The first step is to remove PyMultiNest from the enviroment.yml file and re-run

conda env create -f environment.yml

Then activate the conda enviroment via

conda activate neost

Once that is complete, try to install PyMultiNest using pip:

pip install pymultinest

If this works you may proceed to the Installing NEoST instructions as normal. However, if this fails, or works but installing MultiNest fails, we recomend using the following procedure from NMMA to install PyMultiNest/MultiNest. You may also have a glance at the Alternative instructions for prerequisites for installing PyMultiNest/MultiNest as well.

Installing NEoST

With the prerequisites out of the way, NEoST can now be installed. First navigate to the NEoST base directory, if you haven’t done so already, and install NEoST with

make install

or, equivalently,

pip install .

NEoST can optionally be installed without cythonizing the TOV solvers, at the expense of much slower performance. If you wish to do this, rename or delete the setup.py file before running make install. We only recommend using the Python TOV solvers if the cythonized solvers fail to compile or run. Note that the unit tests in the tests/ directory fail if the Python solvers are used; this is expected.

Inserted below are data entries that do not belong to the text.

definition ode_solution_on :: "('a::real_normed_vector \<Rightarrow> 'a) \<Rightarrow> (real \<Rightarrow> 'a) \<Rightarrow> real set \<Rightarrow> bool" where
  "ode_solution_on f \<phi> I \<longleftrightarrow> (\<forall>t\<in>I. (\<phi> has_vector_derivative f (\<phi> t)) (at t within I))"

definition lyapunov_stable :: "('a::real_normed_vector \<Rightarrow> 'a) \<Rightarrow> 'a \<Rightarrow> bool" where
  "lyapunov_stable f p \<longleftrightarrow>
     (\<forall>\<epsilon>>0. \<exists>\<delta>>0. \<forall>\<phi> T. ode_solution_on f \<phi> {0..<T} \<and> 0 < T \<and> dist (\<phi> 0) p < \<delta>
          \<longrightarrow> (\<forall>t\<in>{0..<T}. dist (\<phi> t) p < \<epsilon>))"

definition locally_attractive :: "('a::real_normed_vector \<Rightarrow> 'a) \<Rightarrow> 'a \<Rightarrow> bool" where
  "locally_attractive f p \<longleftrightarrow>
     (\<exists>\<eta>>0. \<forall>z0. dist z0 p < \<eta> \<longrightarrow>
        (\<exists>\<phi>. ode_solution_on f \<phi> {0..} \<and> \<phi> 0 = z0) \<and>
        (\<forall>\<phi>. ode_solution_on f \<phi> {0..} \<and> \<phi> 0 = z0 \<longrightarrow> (\<phi> \<longlongrightarrow> p) at_top))"

definition locally_asymptotically_stable :: "('a::real_normed_vector \<Rightarrow> 'a) \<Rightarrow> 'a \<Rightarrow> bool" where
  "locally_asymptotically_stable f p \<longleftrightarrow>
     f p = 0 \<and> lyapunov_stable f p \<and> locally_attractive f p"

definition hiv_field ::
  "real \<Rightarrow> real \<Rightarrow> real \<Rightarrow> real \<Rightarrow> real \<Rightarrow> real \<Rightarrow> real \<Rightarrow> real \<Rightarrow> real \<Rightarrow> real \<Rightarrow> nat
   \<Rightarrow> real \<times> real \<times> real \<Rightarrow> real \<times> real \<times> real" where
  "hiv_field a1 a3 a4 a5 a6 a7 a8 a9 a10 a11 n =
     (\<lambda>(x, y, v).
        let h = a9 * (1 + a10 * v ^ n) / (1 + a11 * v ^ n) in
        (a1 + (a4 - a1) * y - (a3 + h) * x,
         h * x - a4 * y,
         a5 * (a7 / a8) * x - a6 * v))"

end

theory Submission
  imports Defs
begin

(* Lyapunov's direct method. Write X = x - xs, W = (x - xs) + (y - ys), Z = v - vs and take
   V = X^2 + alpha W^2 + beta Z^2. Along solutions W' = -a1 W - (a3 - a1) X does not involve v, and
   for a suitable alpha the (X, W) part of V' is a negative definite quadratic form, even after
   adding the damping term -h(v) X^2 contributed by the Hill function h. The remaining X Z term has
   coefficient beta a5 a7/a8 - xs G(v), where G is the divided difference of h at vs; choosing beta to
   make it vanish at v = vs, it is small near the equilibrium and is absorbed, so V' <= -kappa V there.
   As V is comparable to the squared distance to the equilibrium, solutions starting nearby stay
   nearby and converge exponentially. Solutions exist for all time because they never leave the
   region where the field agrees with a globally Lipschitz extension of itself, to which Picard
   iteration applies. *)

section \<open>Global solutions of globally Lipschitz equations\<close>

definition picard_integral :: "('a::euclidean_space \<Rightarrow> 'a) \<Rightarrow> 'a \<Rightarrow> (real \<Rightarrow> 'a) \<Rightarrow> real \<Rightarrow> 'a" where
  "picard_integral g z0 \<psi> t = z0 + integral {0..t} (\<lambda>s. g (\<psi> s))"

lemma has_vector_derivative_picard_integral:
  assumes "continuous_on UNIV g" "continuous_on {0..N} \<psi>" "t \<in> {0..N}"
  shows "(picard_integral g z0 \<psi> has_vector_derivative g (\<psi> t)) (at t within {0..N})"
proof -
  have "continuous_on {0..N} (\<lambda>s. g (\<psi> s))"
    using assms by (auto intro: continuous_on_compose2[of UNIV g])
  from integral_has_vector_derivative[OF this assms(3)] show ?thesis
    unfolding picard_integral_def by (auto intro!: derivative_eq_intros)
qed

lemma continuous_on_picard_integral:
  assumes "continuous_on UNIV g" "continuous_on {0..N} \<psi>"
  shows "continuous_on {0..N} (picard_integral g z0 \<psi>)"
  unfolding continuous_on_eq_continuous_within
  using has_vector_derivative_picard_integral[OF assms] has_vector_derivative_continuous by blast

definition picard_step :: "('a::euclidean_space \<Rightarrow> 'a) \<Rightarrow> 'a \<Rightarrow> real \<Rightarrow> (real \<Rightarrow>\<^sub>C 'a) \<Rightarrow> (real \<Rightarrow>\<^sub>C 'a)" where
  "picard_step g z0 N \<psi> = Bcontfun (\<lambda>t. picard_integral g z0 \<psi> (clamp 0 N t))"

lemma picard_step_apply:
  assumes "continuous_on UNIV g"
  shows "picard_step g z0 N \<psi> t = picard_integral g z0 \<psi> (clamp 0 N t)"
proof -
  have "continuous_on (cbox 0 N) (picard_integral g z0 \<psi>)"
    using continuous_on_picard_integral[OF assms] by (simp add: cbox_interval)
  then obtain h :: "real \<Rightarrow>\<^sub>C 'a" where h: "\<And>t. h t = picard_integral g z0 \<psi> (clamp 0 N t)"
    by (metis continuous_on_cbox_bcontfunE)
  then have "(\<lambda>t. picard_integral g z0 \<psi> (clamp 0 N t)) = apply_bcontfun h"
    by auto
  then have "picard_step g z0 N \<psi> = h"
    unfolding picard_step_def by (simp add: apply_bcontfun_inverse)
  with h show ?thesis
    by simp
qed

lemma clamp_real_in_interval: "0 \<le> N \<Longrightarrow> clamp 0 N (t::real) \<in> {0..N}"
  using clamp_in_interval[of 0 N t] by (simp add: cbox_interval)

lemma clamp_real_eq: "t \<in> {0..N} \<Longrightarrow> clamp 0 N (t::real) = t"
  using clamp_cancel_cbox[of t 0 N] by (simp add: cbox_interval)

lemma integral_exponential_series_term:
  fixes L t :: real
  assumes "0 \<le> t"
  shows "integral {0..t} (\<lambda>s. L * (L * s) ^ k / fact k) = (L * t) ^ Suc k / fact (Suc k)"
proof -
  have "((\<lambda>s. L * (L * s) ^ k / fact k) has_integral
      (L * t) ^ Suc k / fact (Suc k) - (L * 0) ^ Suc k / fact (Suc k)) {0..t}"
  proof (rule fundamental_theorem_of_calculus[OF assms])
    fix s assume "s \<in> {0..t}"
    have "((\<lambda>s. (L * s) ^ Suc k / fact (Suc k)) has_real_derivative
        of_nat (Suc k) * (L * s) ^ k * L / fact (Suc k)) (at s within {0..t})"
      by (intro derivative_eq_intros DERIV_power[where n = "Suc k", simplified]) auto
    then show "((\<lambda>s. (L * s) ^ Suc k / fact (Suc k)) has_vector_derivative L * (L * s) ^ k / fact k)
        (at s within {0..t})"
      by (simp add: fact_Suc has_real_derivative_iff_has_vector_derivative[symmetric] mult.commute)
  qed
  then show ?thesis
    by (simp only: integral_unique) simp
qed

lemma picard_step_iterate_diff_le:
  assumes lip: "L-lipschitz_on UNIV g" and "0 \<le> N" and t: "t \<in> {0..N}"
  shows "norm (((picard_step g z0 N) ^^ k) \<phi> t - ((picard_step g z0 N) ^^ k) \<psi> t)
           \<le> (L * t) ^ k / fact k * dist \<phi> \<psi>"
  using t
proof (induction k arbitrary: t)
  case 0
  then show ?case
    using dist_bounded[of \<phi> t \<psi>] by (simp add: dist_norm)
next
  case (Suc k)
  define A where "A = ((picard_step g z0 N) ^^ k) \<phi>"
  define B where "B = ((picard_step g z0 N) ^^ k) \<psi>"
  have g: "continuous_on UNIV g"
    using lip by (rule lipschitz_on_continuous_on)
  have int: "(\<lambda>s. g (A s)) integrable_on {0..t}" "(\<lambda>s. g (B s)) integrable_on {0..t}"
    by (auto intro!: integrable_continuous_real continuous_on_compose2[OF g])
  have "((picard_step g z0 N) ^^ Suc k) \<phi> t = z0 + integral {0..t} (\<lambda>s. g (A s))"
    "((picard_step g z0 N) ^^ Suc k) \<psi> t = z0 + integral {0..t} (\<lambda>s. g (B s))"
    using Suc.prems
    by (simp_all add: picard_step_apply[OF g] clamp_real_eq picard_integral_def A_def B_def)
  then have "norm (((picard_step g z0 N) ^^ Suc k) \<phi> t - ((picard_step g z0 N) ^^ Suc k) \<psi> t)
      = norm (integral {0..t} (\<lambda>s. g (A s) - g (B s)))"
    by (simp add: integral_diff[OF int])
  also have "\<dots> \<le> integral {0..t} (\<lambda>s. L * (L * s) ^ k / fact k * dist \<phi> \<psi>)"
  proof (rule integral_norm_bound_integral)
    show "(\<lambda>s. g (A s) - g (B s)) integrable_on {0..t}"
      using int by (rule integrable_diff)
    show "(\<lambda>s. L * (L * s) ^ k / fact k * dist \<phi> \<psi>) integrable_on {0..t}"
      by (auto intro!: integrable_continuous_real continuous_intros)
  next
    fix s assume s: "s \<in> {0..t}"
    have "norm (g (A s) - g (B s)) \<le> L * norm (A s - B s)"
      using lipschitz_onD[OF lip] by (simp add: dist_norm)
    also have "\<dots> \<le> L * ((L * s) ^ k / fact k * dist \<phi> \<psi>)"
      using Suc.IH[of s] Suc.prems s lipschitz_on_nonneg[OF lip]
      by (intro mult_left_mono) (auto simp: A_def B_def)
    finally show "norm (g (A s) - g (B s)) \<le> L * (L * s) ^ k / fact k * dist \<phi> \<psi>"
      by simp
  qed
  also have "\<dots> = integral {0..t} (\<lambda>s. L * (L * s) ^ k / fact k) * dist \<phi> \<psi>"
    by (rule integral_mult_left)
  also have "\<dots> = (L * t) ^ Suc k / fact (Suc k) * dist \<phi> \<psi>"
    using Suc.prems by (subst integral_exponential_series_term) auto
  finally show ?case .
qed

Building the documentation

Building the documentation is completely optional and not required for running NEoST. If you do wish to compile the documentation locally you will require Sphinx and extensions.

If you have installed NEoST in a conda environment, you can install the documentation build dependencies using

conda install sphinx nbsphinx decorator sphinxcontrib-websupport sphinx_rtd_theme pandoc

If you haven’t used conda, you can install them using

pip install sphinx nbsphinx decorator sphinxcontrib-websupport sphinx_rtd_theme

Unfortunately, the pandoc version available in pip does not seem to work, so you may have to install pandoc separately using, e.g., your system’s package manager. See also Pandoc.

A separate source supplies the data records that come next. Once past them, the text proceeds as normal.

theorem mainTheorem6:
  fixes E :: "'a set" and tail head :: "'a \<Rightarrow> 'v" and K :: nat and S :: "nat \<Rightarrow> 'a"
    and np :: "nat \<Rightarrow> nat" and X :: "nat \<Rightarrow> nat \<Rightarrow> 'a \<Rightarrow> bool" and \<xi> :: "'a \<Rightarrow> real"
  assumes net: "multicast_cover E tail head K S"
    and pos: "\<forall>i \<in> E. N1 E tail head K S np X i + N0 E tail head K S np X i > 0"
    and xi: "\<xi> \<in> Xi E tail head"
  shows "(grad_zero E (loglik E tail head K S np X) \<xi> \<longleftrightarrow>
            (\<forall>i \<in> E. \<xi> i = (1 - rr E tail head K S np X i)
                 + rr E tail head K S np X i * (if i \<notin> S ` {1..K} then 1 else 0)
                   * (\<Prod>j \<in> brothers E tail i. \<xi> j)))
       \<and> (grad_zero E (loglik E tail head K S np X) \<xi> \<longrightarrow>
            (\<forall>k \<in> {1..K}. \<xi> (S k) = 1 - rr E tail head K S np X (S k))
          \<and> (\<forall>i \<in> E - S ` {1..K}.
               (\<Prod>j \<in> brothers E tail i. \<xi> j) =
               (\<Prod>j \<in> brothers E tail i. (1 - rr E tail head K S np X j)
                   + rr E tail head K S np X j * (\<Prod>l \<in> brothers E tail i. \<xi> l))))"
proof -
  have stationary: "grad_zero E (loglik E tail head K S np X) \<xi> \<longleftrightarrow>
      (\<forall>i \<in> E. \<xi> i = (1 - rr E tail head K S np X i)
                 + rr E tail head K S np X i * (if i \<notin> S ` {1..K} then 1 else 0)
                   * (\<Prod>j \<in> brothers E tail i. \<xi> j))"
    using grad_zero_iff_loglik_partial[OF net xi] loglik_partial_eq_zero_iff[OF net xi] pos
    by simp
  moreover have "\<xi> (S k) = 1 - rr E tail head K S np X (S k)"
    if "grad_zero E (loglik E tail head K S np X) \<xi>" and "k \<in> {1..K}" for k
    using that stationary multicast_cover_root(1)[OF net] by fastforce
  ultimately show ?thesis
    using stationary_brother_product[OF net, where r = "rr E tail head K S np X"] by blast
qed

end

Once the dependencies are installed you can compile the documentation by navigating to the docs directory and executing

make html

The .html files can then found in docs/build/html, along with the notebooks for the tutorials in this documentation. The .html files can naturally be opened in a browser, handily via a Jupyter session (this is particularly useful if the edits are to tutorial notebooks).

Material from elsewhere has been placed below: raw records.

definition prefix_prob :: "pwa \<Rightarrow> (nat \<Rightarrow> letter) \<Rightarrow> nat \<Rightarrow> (nat \<Rightarrow> nat) \<Rightarrow> real" where
  "prefix_prob A w n r = pmf (init A) (r 0) * (\<Prod>i<n. pmf (trans A (r i) (w i)) (r (Suc i)))"

definition run_measure :: "pwa \<Rightarrow> (nat \<Rightarrow> letter) \<Rightarrow> (nat \<Rightarrow> nat) measure" where
  "run_measure A w = (THE M. sets M = sets run_space \<and> prob_space M \<and>
     (\<forall>n r. emeasure M {x \<in> space run_space. \<forall>i\<le>n. x i = r i} = ennreal (prefix_prob A w n r)))"

definition weights :: "pwa \<Rightarrow> (nat \<Rightarrow> letter) \<Rightarrow> (nat \<Rightarrow> nat) \<Rightarrow> nat \<Rightarrow> rat" where
  "weights A w r i = weight A (r i) (w i) (r (Suc i))"

definition LimAvg :: "(nat \<Rightarrow> rat) \<Rightarrow> ereal" where
  "LimAvg v = liminf (\<lambda>n. ereal (real_of_rat (\<Sum>i<n. v i) / real n))"

definition L_pos :: "pwa \<Rightarrow> (nat \<Rightarrow> letter) \<Rightarrow> ereal" where
  "L_pos A w = Sup (ereal ` {\<eta>::real. emeasure (run_measure A w)
      {r \<in> space (run_measure A w). LimAvg (weights A w r) \<ge> ereal \<eta>} > 0})"

definition L_as :: "pwa \<Rightarrow> (nat \<Rightarrow> letter) \<Rightarrow> ereal" where
  "L_as A w = Sup (ereal ` {\<eta>::real. emeasure (run_measure A w)
      {r \<in> space (run_measure A w). LimAvg (weights A w r) \<ge> ereal \<eta>} = 1})"

definition L_max :: "pwa \<Rightarrow> (nat \<Rightarrow> letter) \<Rightarrow> ereal" where
  "L_max A w = Sup {LimAvg (weights A w r) | r. is_run A w r}"

definition L_F :: "(nat \<Rightarrow> letter) \<Rightarrow> real" where
  "L_F w = (if infinite {i. w i = La} then 0 else 1)"

end

theory Submission
  imports Defs
begin

text \<open>
  (1), (2): an automaton waits in a state of weight 0, guesses (by a fair coin) a point after which
  only b's occur, and from then on earns weight 1 per b; a wrong guess leads to a sink of weight 0.
  L_pos never exceeds L_max, and the optimal run has a prefix of positive probability all of whose
  continuations attain the same average, so both semantics give L_F.

  (3): suppose an almost-sure automaton A realised L_F. On a word that ends in b's, almost every
  run has average weight above 1/2. Hence for every state q that can be reached before such a
  tail, the probability that the run from q on a long b-block averages at most 3/8 somewhere late
  in the block tends to 0; choosing one threshold for all (finitely many) such states, these
  probabilities can be made summable. Now build a word of b-blocks separated by single a's, each
  block much longer than everything before it. By Borel--Cantelli, almost surely all late blocks
  have average above 3/8, and this forces the running average above 1/4 at all late times, so
  L_as A w \<ge> 1/4. But w contains infinitely many a's, so L_F w = 0.
\<close>

section \<open>Runs generated by independent random choices\<close>

lemma space_run_space [simp]: "space run_space = UNIV"
  by (auto simp: run_space_def space_PiM)

definition cylinder :: "nat \<Rightarrow> (nat \<Rightarrow> nat) \<Rightarrow> (nat \<Rightarrow> nat) set" where
  "cylinder n r = {x \<in> space run_space. \<forall>i\<le>n. x i = r i}"

lemma cylinder_in_sets [measurable]: "cylinder n r \<in> sets run_space"
  unfolding cylinder_def run_space_def by measurable

lemma measure_run_space_eqI:
  assumes sets_M: "sets M = sets run_space" and sets_N: "sets N = sets run_space"
    and "finite_measure M"
    and cyl_eq: "\<And>n r. emeasure M (cylinder n r) = emeasure N (cylinder n r)"
  shows "M = N"
proof (rule measure_eqI_PiM_infinite[where I=UNIV and M="\<lambda>_. count_space UNIV"])
  show "sets M = sets (PiM UNIV (\<lambda>_. count_space UNIV))"
    "sets N = sets (PiM UNIV (\<lambda>_. count_space UNIV))"
    using sets_M sets_N by (simp_all add: run_space_def)
  show "finite_measure M" by fact
  fix A J assume J: "finite (J::nat set)" "J \<subseteq> UNIV"
  obtain n where n: "J \<subseteq> {..n}" using J(1) finite_nat_iff_bounded_le by auto
  define R where "R = {r \<in> PiE {..n} (\<lambda>_. UNIV::nat set). \<forall>j\<in>J. r j \<in> A j}"
  have emb_eq: "prod_emb UNIV (\<lambda>_. count_space UNIV) J (PiE J A) = (\<Union>r\<in>R. cylinder n r)"
  proof (intro set_eqI iffI)
    fix x assume x: "x \<in> prod_emb UNIV (\<lambda>_. count_space UNIV) J (PiE J A)"
    have "restrict x {..n} \<in> R" using x n unfolding R_def prod_emb_def by (auto simp: PiE_iff)
    moreover have "x \<in> cylinder n (restrict x {..n})" by (simp add: cylinder_def)
    ultimately show "x \<in> (\<Union>r\<in>R. cylinder n r)" by blast
  next
    fix x assume "x \<in> (\<Union>r\<in>R. cylinder n r)"
    then show "x \<in> prod_emb UNIV (\<lambda>_. count_space UNIV) J (PiE J A)"
      using n unfolding R_def prod_emb_def cylinder_def by (auto simp: PiE_iff subset_eq)
  qed
  have "countable R"
    unfolding R_def by (rule countable_subset[OF _ countable_PiE[of "{..n}" "\<lambda>_. UNIV"]]) auto
  moreover have "disjoint_family_on (cylinder n) R"
    unfolding disjoint_family_on_def
  proof (intro ballI impI)
    fix r s assume rs: "r \<in> R" "s \<in> R" "r \<noteq> s"
    then obtain i where i: "r i \<noteq> s i" by auto
    moreover from rs i have "i \<le> n" unfolding R_def by (metis (mono_tags) PiE_arb atMost_iff mem_Collect_eq)
    ultimately show "cylinder n r \<inter> cylinder n s = {}" unfolding cylinder_def by auto
  qed
  ultimately have "emeasure M (\<Union>r\<in>R. cylinder n r) = emeasure N (\<Union>r\<in>R. cylinder n r)"
    using sets_M sets_N cyl_eq by (simp add: emeasure_UN_countable)
  then show "emeasure M (prod_emb UNIV (\<lambda>_. count_space UNIV) J (PiE J A)) =
       emeasure N (prod_emb UNIV (\<lambda>_. count_space UNIV) J (PiE J A))"
    by (simp add: emb_eq)
qed

text \<open>A run is generated from an i.i.d. sequence of random choices: an initial state, then at
  each step a table giving a successor for every letter and state. Realising the run measure
  as the image of this product space makes disjoint time windows independent.\<close>
type_synonym choice = "nat \<times> (letter \<times> nat \<Rightarrow> nat)"

definition choice_pmf :: "pwa \<Rightarrow> choice pmf" where
  "choice_pmf A = pair_pmf (init A) (Pi_pmf (UNIV \<times> states A) 0 (\<lambda>(\<sigma>, q). trans A q \<sigma>))"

Alternative instructions for MultiNest

In case you cannot install MultiNest using either conda or the instructions for manual compilation given above, you could try these older alternative instructions. These have worked in the past, but we are not sure if they still work.

In order to manually install MultiNest and PyMultiNest, first install the prerequisites. These are mpi4py and compilers for C and Fortran, and can be installed with the following commands (assuming you are using a Debian-based distribution):

conda install -c conda-forge mpi4py
sudo apt-get install cmake libblad-dev liblapack-dev libatlas-base-dev

When these have finished installing, clone the MultiNest repository, navigate to the cloned repository and install MultiNest using the following commands:

git clone https://github.com/farhanferoz/MultiNest.git <path/to/clone>/multinest
cd <path/to/clone>/multinest/MultiNest_v3.12_CMake/multinest/
mkdir build
cd build
CC=gcc FC=mpif90 CXX=g++ cmake -DCMAKE_{C,CXX}_FLAGS="-O3 -march=native -funroll-loops" -DCMAKE_Fortran_FLAGS="-O3 -march=native -funroll-loops" ..
make
ls ../lib/

The final step now is to install the Python interface to MultiNest, PyMultiNest. For this, simply install it using pip with

pip install pymultinest

Alternatively you can clone its git repository and install manually:

git clone https://github.com/JohannesBuchner/PyMultiNest.git
cd <path/to/clone>/pymultinest
python setup.py install [--user]

This will install the package in your NEoST environment if this is the active environment. If this is the case, the --user flag needs to be omitted. Next, PyMultiNest needs to be interfaced with MultiNest itself, achieved by setting an environment variable as follows:

export LD_LIBRARY_PATH=/my/directory/MultiNest/lib/:$LD_LIBRARY_PATH

This command too needs to be given anytime you wish to use PyMultiNest and MultiNest together, so it is again recommended to add it to your ~.bashrc file.